Abstract: Today, let's talk about the metrics for performance optimization in high concurrency scenarios, and what issues need to be paid attention to when doing optimization.

This article is shared from HUAWEI CLOUD Community " [High Concurrency] What are the metrics for performance optimization? What to watch out for? ", Author: Glacier.

Recently, many friends have been saying that I have never done performance optimization work. I only do some CRUD work in the company and have no access to performance optimization related work. Now when I go out for a job interview, the interviewer always asks some tricky questions to embarrass me, many of which I don’t know! then what should we do? Then I will write some questions that are easy to ask in interviews related to high concurrency systems. Today, let's talk about the metrics for performance optimization in high concurrency scenarios, and what issues need to be paid attention to when doing optimization.

interview scene

Interviewer: Have you ever done some performance optimization-related work in your daily work?

First, let's analyze the interviewer's question. In fact, based on my own experience in recruitment interviews, if the interviewer asks such a question. Essentially, it's not just about asking the interviewee to simply answer: did or did not do it. Instead, I want to use this simple question to test the interviewee's thinking ability and ability to understand the problem.
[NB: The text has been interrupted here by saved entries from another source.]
text \<open>
  For \<open>z \<in> F\<^sup>\<perp>\<close> and \<open>y \<in> F\<close> we have \<open>\<langle>\<Phi>(y)h, \<Psi>(z)k\<rangle> = \<langle>h, \<phi>(\<langle>y,z\<rangle>)k\<rangle> = 0\<close>; since the
  vectors \<open>\<Phi>(y)h\<close> span a dense subspace, \<open>\<Psi>(z) = 0\<close>, and then
  \<open>\<langle>k, \<phi>(\<langle>z,x\<rangle>)h\<rangle> = \<langle>\<Psi>(z)k, \<Psi>(x)h\<rangle> = 0\<close>.
  For (ii), both \<open>\<Phi>\<close> and \<open>\<Theta>\<close> are \<open>\<phi>\<close>-maps on \<open>F\<close>, so \<open>\<Phi>(x)h \<mapsto> \<Theta>(x)h\<close> preserves inner
  products; it therefore extends from the dense span to an isometry \<open>V : H\<^sub>2 \<rightarrow> K\<close>, and
  \<open>V \<circ> \<Psi>\<close> is the required extension of \<open>\<Theta>\<close>. The adjoint is given by a definite
  description, so its defining property rests on the Riesz representation theorem.
\<close>

lemma cscale_zero_right [simp]: "cscale c (0::'a::cvec) = 0"
  using cscale_add_right[of c "0::'a" 0] by simp

lemma cscale_minus_right: "cscale c (- (x::'a::cvec)) = - cscale c x"
  using cscale_add_right[of c x "- x"] by (simp add: add_eq_0_iff)

lemma cscale_diff_right: "cscale c ((x::'a::cvec) - y) = cscale c x - cscale c y"
  using cscale_add_right[of c x "- y"] by (simp add: cscale_minus_right)

lemma hinner_zero_right [simp]: "hinner x (0::'a::chilbert) = 0"
  using hinner_add_right[of x "0::'a" 0] by simp

lemma hinner_zero_left [simp]: "hinner (0::'a::chilbert) x = 0"
  using hinner_conj[of 0 x] by simp

lemma hinner_add_left: "hinner ((x::'a::chilbert) + y) z = hinner x z + hinner y z"
  by (metis complex_cnj_add hinner_add_right hinner_conj)

lemma hinner_cscale_left: "hinner (cscale c (x::'a::chilbert)) y = cnj c * hinner x y"
  by (metis complex_cnj_cnj complex_cnj_mult hinner_cscale_right hinner_conj)

lemma hinner_diff_right: "hinner x ((y::'a::chilbert) - z) = hinner x y - hinner x z"
  by (metis add_diff_cancel eq_diff_eq hinner_add_right)

lemma hinner_diff_left: "hinner ((x::'a::chilbert) - y) z = hinner x z - hinner y z"
  by (metis complex_cnj_diff hinner_conj hinner_diff_right)

lemma hinner_sum_left: "hinner (\<Sum>i\<in>I. f i) x = (\<Sum>i\<in>I. hinner (f i :: 'a::chilbert) x)"
  by (induction I rule: infinite_finite_induct) (auto simp: hinner_add_left)

lemma hinner_sum_right: "hinner x (\<Sum>i\<in>I. f i) = (\<Sum>i\<in>I. hinner x (f i :: 'a::chilbert))"
  by (induction I rule: infinite_finite_induct) (auto simp: hinner_add_right)

lemma hinner_self: "hinner (x::'a::chilbert) x = complex_of_real ((norm x)\<^sup>2)"
proof -
  have "Im (hinner x x) = 0"
    using hinner_conj[of x x] by (metis cnj.simps(2) neg_equal_zero)
  moreover have "Re (hinner x x) = (norm x)\<^sup>2"
    using norm_hinner[of x] hinner_self_nonneg[of x] by simp
  ultimately show ?thesis by (simp add: complex_eq_iff)
qed

lemma hinner_self_eq_0 [simp]: "hinner (x::'a::chilbert) x = 0 \<longleftrightarrow> x = 0"
  by (simp add: hinner_self)

lemma power2_norm_eq_hinner: "(norm (x::'a::chilbert))\<^sup>2 = Re (hinner x x)"
  by (simp add: hinner_self)

lemma norm_cscale_chilbert: "norm (cscale c (x::'a::chilbert)) = cmod c * norm x"
proof -
  have "(norm (cscale c x))\<^sup>2 = (cmod c * norm x)\<^sup>2"
    unfolding power2_norm_eq_hinner hinner_cscale_left hinner_cscale_right mult.assoc[symmetric]
    by (metis Re_complex_of_real complex_norm_square hinner_self mult.commute of_real_mult
        power_mult_distrib)
  then show ?thesis by (simp add: power2_eq_iff_nonneg)
qed

lemma power2_norm_add:
  "(norm ((x::'a::chilbert) + y))\<^sup>2 = (norm x)\<^sup>2 + (norm y)\<^sup>2 + 2 * Re (hinner x y)"
  using hinner_conj[of y x]
  by (simp add: power2_norm_eq_hinner hinner_add_left hinner_add_right)

lemma power2_norm_diff:
  "(norm ((x::'a::chilbert) - y))\<^sup>2 = (norm x)\<^sup>2 + (norm y)\<^sup>2 - 2 * Re (hinner x y)"
  using hinner_conj[of y x]
  by (simp add: power2_norm_eq_hinner hinner_diff_left hinner_diff_right)

lemma parallelogram_law:
  "(norm ((x::'a::chilbert) - y))\<^sup>2 = 2 * (norm x)\<^sup>2 + 2 * (norm y)\<^sup>2 - (norm (x + y))\<^sup>2"
  using power2_norm_add[of x y] power2_norm_diff[of x y] by simp

lemma norm_diff_eq_if_hinner_eq:
  fixes a a' :: "'h::chilbert" and b b' :: "'k::chilbert"
  assumes "hinner b b = hinner a a" "hinner b' b' = hinner a' a'" "hinner b b' = hinner a a'"
  shows "norm (b - b') = norm (a - a')"
proof -
  have "hinner b' b = hinner a' a" using assms(3) hinner_conj by metis
  then have "(norm (b - b'))\<^sup>2 = (norm (a - a'))\<^sup>2"
    unfolding power2_norm_eq_hinner by (simp add: hinner_diff_left hinner_diff_right assms)
  then show ?thesis by (simp add: power2_eq_iff_nonneg)
qed

lemma tendsto_hinner:
  fixes X :: "nat \<Rightarrow> 'a::chilbert"
  assumes "X \<longlonglongrightarrow> a" "Y \<longlonglongrightarrow> b"
  shows "(\<lambda>n. hinner (X n) (Y n)) \<longlonglongrightarrow> hinner a b"
proof -
  have polar: "Re (hinner x y) = ((norm (x + y))\<^sup>2 - (norm (x - y))\<^sup>2) / 4" for x y :: 'a
    using power2_norm_add[of x y] power2_norm_diff[of x y] by simp
  have Re: "(\<lambda>n. Re (hinner (X n) (Y n))) \<longlonglongrightarrow> Re (hinner a b)"
    if "X \<longlonglongrightarrow> a" for X :: "nat \<Rightarrow> 'a" and a
    unfolding polar by (intro tendsto_intros that assms(2)) simp
  have "norm (cscale \<i> (X n) - cscale \<i> a) = norm (X n - a)" for n
    by (simp add: cscale_diff_right[symmetric] norm_cscale_chilbert)
  then have "(\<lambda>n. cscale \<i> (X n)) \<longlonglongrightarrow> cscale \<i> a"
    using assms(1) by (simp add: tendsto_iff dist_norm)
  from Re[OF assms(1)] Re[OF this] show ?thesis
    unfolding tendsto_complex_iff by (simp add: hinner_cscale_left)
qed

lemma orthogonal_to_dense_span_eq_0:
  fixes w :: "'h::chilbert"
  assumes dense: "closure (complex_span S) = UNIV" and orth: "\<And>v. v \<in> S \<Longrightarrow> hinner v w = 0"
  shows "w = 0"
proof -
  have span: "hinner s w = 0" if s: "s \<in> complex_span S" for s
  proof -
    obtain n :: nat and c v where "\<forall>i<n. v i \<in> S" "s = (\<Sum>i<n. cscale (c i) (v i))"
      using s unfolding complex_span_def by auto
    then show ?thesis by (simp add: hinner_sum_left hinner_cscale_left orth)
  qed
  obtain X where X: "\<And>n. X n \<in> complex_span S" "X \<longlonglongrightarrow> w"
    using dense closure_sequential[of w "complex_span S"] by auto
  then have "(\<lambda>n. hinner (X n) w) \<longlonglongrightarrow> hinner w w" by (intro tendsto_hinner tendsto_const)
  then have "(\<lambda>n. 0) \<longlonglongrightarrow> hinner w w" using span X(1) by simp
  then show ?thesis using LIMSEQ_const_iff[of 0 "hinner w w"] by simp
qed

section \<open>The Riesz representation theorem\<close>

text \<open>Working with squared norms, the parallelogram law bounds \<open>\<parallel>X\<^sub>m - X\<^sub>n\<parallel>\<^sup>2\<close> by the
  excesses of \<open>\<parallel>X\<^sub>m\<parallel>\<^sup>2\<close> and \<open>\<parallel>X\<^sub>n\<parallel>\<^sup>2\<close> over their infimum, so minimizing sequences are Cauchy.\<close>

lemma closed_midpoint_convex_min_norm:
  fixes S :: "'a::chilbert set"
  assumes "S \<noteq> {}" "closed S"
    and midpoint: "\<And>x y. x \<in> S \<Longrightarrow> y \<in> S \<Longrightarrow> cscale (1/2) (x + y) \<in> S"
  shows "\<exists>x0\<in>S. \<forall>y\<in>S. norm x0 \<le> norm y"
proof -
  define D where "D = Inf ((\<lambda>x. (norm x)\<^sup>2) ` S)"
  have bdd: "bdd_below ((\<lambda>x. (norm x)\<^sup>2) ` S)" by (intro bdd_belowI[of _ 0]) auto
  have D_le: "D \<le> (norm y)\<^sup>2" if "y \<in> S" for y
    unfolding D_def using that bdd by (intro cInf_lower) auto
  have "\<exists>x\<in>S. (norm x)\<^sup>2 < D + 1 / Suc n" for n
    using cInf_less_iff[OF _ bdd, of "D + 1 / Suc n"] assms(1) unfolding D_def by auto
  then obtain X where X_in: "\<And>n. X n \<in> S" and X_norm: "\<And>n. (norm (X n))\<^sup>2 < D + 1 / Suc n"
    by metis
  have X_diff: "(norm (X m - X n))\<^sup>2 \<le> 2 / Suc m + 2 / Suc n" for m n
  proof -
    have "D \<le> (norm (cscale (1/2) (X m + X n)))\<^sup>2" by (intro D_le midpoint X_in)
    then have "4 * D \<le> (norm (X m + X n))\<^sup>2" by (simp add: norm_cscale_chilbert power_divide)
    then show ?thesis using X_norm[of m] X_norm[of n] unfolding parallelogram_law by simp
  qed
  have "Cauchy X"
  proof (rule metric_CauchyI)
    fix e :: real assume "e > 0"
    then obtain N where N: "4 / Suc N < e\<^sup>2"
      using reals_Archimedean[of "e\<^sup>2 / 4"] by (auto simp: field_simps)
    have "dist (X m) (X n) < e" if "m \<ge> N" "n \<ge> N" for m n
    proof -
      have "2 / Suc m + 2 / Suc n \<le> 2 / Suc N + (2 / Suc N :: real)"
        using that by (intro add_mono) (simp_all add: frac_le)
      with X_diff[of m n] N have "(norm (X m - X n))\<^sup>2 < e\<^sup>2" by simp
      with \<open>e > 0\<close> show ?thesis by (simp add: dist_norm power_less_imp_less_base)
    qed
    then show "\<exists>N. \<forall>m\<ge>N. \<forall>n\<ge>N. dist (X m) (X n) < e" by blast
  qed
  then obtain x0 where lim: "X \<longlonglongrightarrow> x0" using Cauchy_convergent_iff convergent_def by blast
  have "(norm x0)\<^sup>2 \<le> D + 0"
  proof (rule LIMSEQ_le)
    show "(\<lambda>n. (norm (X n))\<^sup>2) \<longlonglongrightarrow> (norm x0)\<^sup>2" by (intro tendsto_intros lim)
    show "(\<lambda>n. D + 1 / Suc n) \<longlonglongrightarrow> D + 0"
      by (intro tendsto_add tendsto_const LIMSEQ_Suc[OF lim_inverse_n'])
    show "\<exists>N. \<forall>n\<ge>N. (norm (X n))\<^sup>2 \<le> D + 1 / Suc n" using X_norm less_imp_le by blast
  qed
  show ?thesis
  proof (intro bexI ballI)
    show "x0 \<in> S" using \<open>closed S\<close> X_in lim by (rule closed_sequentially)
    fix y assume "y \<in> S"
    show "norm x0 \<le> norm y"
    proof (rule power2_le_imp_le)
      show "(norm x0)\<^sup>2 \<le> (norm y)\<^sup>2" using \<open>(norm x0)\<^sup>2 \<le> D + 0\<close> D_le[OF \<open>y \<in> S\<close>] by linarith
    qed simp
  qed
qed

lemma min_norm_imp_orthogonal:
  fixes x0 n :: "'a::chilbert"
  assumes min: "\<And>t. norm x0 \<le> norm (x0 + cscale t n)"
  shows "hinner x0 n = 0"
proof (cases "n = 0")
  case False
  define a where "a = hinner x0 n"
  define N where "N = (norm n)\<^sup>2"
  have "N > 0" using False by (simp add: N_def)
  define t where "t = - cnj a / complex_of_real N"
  have "hinner (x0 + cscale t n) (x0 + cscale t n)
      = hinner x0 x0 + t * a + cnj t * cnj a + cnj t * t * complex_of_real N"
    using hinner_conj[of n x0]
    by (simp add: hinner_add_left hinner_add_right hinner_cscale_left hinner_cscale_right
        a_def N_def hinner_self[of n] algebra_simps)
  also have "\<dots> = complex_of_real ((norm x0)\<^sup>2 - (cmod a)\<^sup>2 / N)"
    using \<open>N > 0\<close> unfolding t_def hinner_self[of x0] of_real_diff of_real_divide complex_norm_square
    by (simp add: field_simps)
  finally have "(norm (x0 + cscale t n))\<^sup>2 = (norm x0)\<^sup>2 - (cmod a)\<^sup>2 / N"
    unfolding power2_norm_eq_hinner by simp
  moreover have "(norm x0)\<^sup>2 \<le> (norm (x0 + cscale t n))\<^sup>2" using min[of t] by (simp add: power_mono)
  ultimately have "(cmod a)\<^sup>2 / N \<le> 0" by simp
  with \<open>N > 0\<close> show ?thesis by (simp add: a_def divide_le_0_iff)
qed simp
The interviewer essentially wants the interviewee to pass this question and tell about his own experience in performance optimization related work, as well as some theoretical understanding of performance optimization work, such as: performance optimization metrics, issues that need attention during the period etc.

If the interviewer does not fully understand the interviewer's intention during the interview process, and when answering questions, he squeezes out some points like toothpaste, then, in most cases, the interviewer will think that this person has no experience in performance optimization. . At this time, the interviewer will greatly reduce the psychological impression of the interviewer, and there is a very high probability that the interview result will be cool.

Metrics

For performance optimization, there are many indicators to measure, which can be roughly divided into: performance indicators, response time, concurrency, open rate per second, and correctness. We can use the graph below to represent these metrics.

Next, we describe these metrics separately.

Performance

Performance indicators can include: throughput and response speed. What we usually call QPS, TPS and HPS can be attributed to throughput. Many small partners may not know much about QPS, TPS and HPS, so let's talk about the meaning of these letters first.

  • QPS stands for the number of queries per second.
  • TPS stands for the number of transactions per second.
  • HPS stands for the number of HTTP requests per second.

These are all throughput-related metrics.

Usually when we do optimization work, we must first clarify the things that need to be optimized. For example: Are we doing optimization work to increase the throughput of the system? Or to improve the response speed of the system? To give a specific example: for example, there are some batch operations of databases or caches in our program. Although the response speed of data reading has dropped, the goal of our optimization is throughput, as long as we optimize the overall system The throughput has increased significantly, which also improves the performance of the program.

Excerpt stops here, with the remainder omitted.